## Task prompt
From the first line to the last, reproduce the records exactly as they appear below.
::: Data for the task
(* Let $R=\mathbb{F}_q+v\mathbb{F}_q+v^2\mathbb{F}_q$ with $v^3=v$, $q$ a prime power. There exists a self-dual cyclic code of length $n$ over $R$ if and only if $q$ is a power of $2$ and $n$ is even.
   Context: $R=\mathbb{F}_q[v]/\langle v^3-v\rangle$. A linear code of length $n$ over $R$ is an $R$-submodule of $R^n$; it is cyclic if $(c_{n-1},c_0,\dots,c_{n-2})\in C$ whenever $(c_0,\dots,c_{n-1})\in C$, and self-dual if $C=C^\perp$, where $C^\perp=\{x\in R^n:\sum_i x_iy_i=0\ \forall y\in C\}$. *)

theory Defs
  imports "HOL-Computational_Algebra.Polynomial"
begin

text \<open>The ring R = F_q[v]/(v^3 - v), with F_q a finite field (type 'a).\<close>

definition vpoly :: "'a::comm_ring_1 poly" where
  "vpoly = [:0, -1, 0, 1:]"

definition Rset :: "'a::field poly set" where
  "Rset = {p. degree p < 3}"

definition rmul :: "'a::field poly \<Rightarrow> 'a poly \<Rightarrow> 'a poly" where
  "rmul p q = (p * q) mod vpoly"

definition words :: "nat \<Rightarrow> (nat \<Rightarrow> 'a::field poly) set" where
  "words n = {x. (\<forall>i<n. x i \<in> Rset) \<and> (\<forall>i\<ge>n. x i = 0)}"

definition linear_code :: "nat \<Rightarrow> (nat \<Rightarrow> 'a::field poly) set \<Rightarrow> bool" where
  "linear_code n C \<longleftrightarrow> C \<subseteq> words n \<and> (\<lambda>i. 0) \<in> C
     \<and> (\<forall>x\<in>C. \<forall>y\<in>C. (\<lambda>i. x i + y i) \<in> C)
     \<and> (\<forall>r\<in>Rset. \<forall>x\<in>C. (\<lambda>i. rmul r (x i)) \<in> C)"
::::::
## Exercise output
(* Let $R=\mathbb{F}_q+v\mathbb{F}_q+v^2\mathbb{F}_q$ with $v^3=v$, $q$ a prime power. There exists a self-dual cyclic code of length $n$ over $R$ if and only if $q$ is a power of $2$ and $n$ is even.
   Context: $R=\mathbb{F}_q[v]/\langle v^3-v\rangle$. A linear code of length $n$ over $R$ is an $R$-submodule of $R^n$; it is cyclic if $(c_{n-1},c_0,\dots,c_{n-2})\in C$ whenever $(c_0,\dots,c_{n-1})\in C$, and self-dual if $C=C^\perp$, where $C^\perp=\{x\in R^n:\sum_i x_iy_i=0\ \forall y\in C\}$. *)

theory Defs
  imports "HOL-Computational_Algebra.Polynomial"
begin

text \<open>The ring R = F_q[v]/(v^3 - v), with F_q a finite field (type 'a).\<close>

definition vpoly :: "'a::comm_ring_1 poly" where
  "vpoly = [:0, -1, 0, 1:]"

definition Rset :: "'a::field poly set" where
  "Rset = {p. degree p < 3}"

definition rmul :: "'a::field poly \<Rightarrow> 'a poly \<Rightarrow> 'a poly" where
  "rmul p q = (p * q) mod vpoly"

definition words :: "nat \<Rightarrow> (nat \<Rightarrow> 'a::field poly) set" where
  "words n = {x. (\<forall>i<n. x i \<in> Rset) \<and> (\<forall>i\<ge>n. x i = 0)}"

definition linear_code :: "nat \<Rightarrow> (nat \<Rightarrow> 'a::field poly) set \<Rightarrow> bool" where
  "linear_code n C \<longleftrightarrow> C \<subseteq> words n \<and> (\<lambda>i. 0) \<in> C
     \<and> (\<forall>x\<in>C. \<forall>y\<in>C. (\<lambda>i. x i + y i) \<in> C)
     \<and> (\<forall>r\<in>Rset. \<forall>x\<in>C. (\<lambda>i. rmul r (x i)) \<in> C)"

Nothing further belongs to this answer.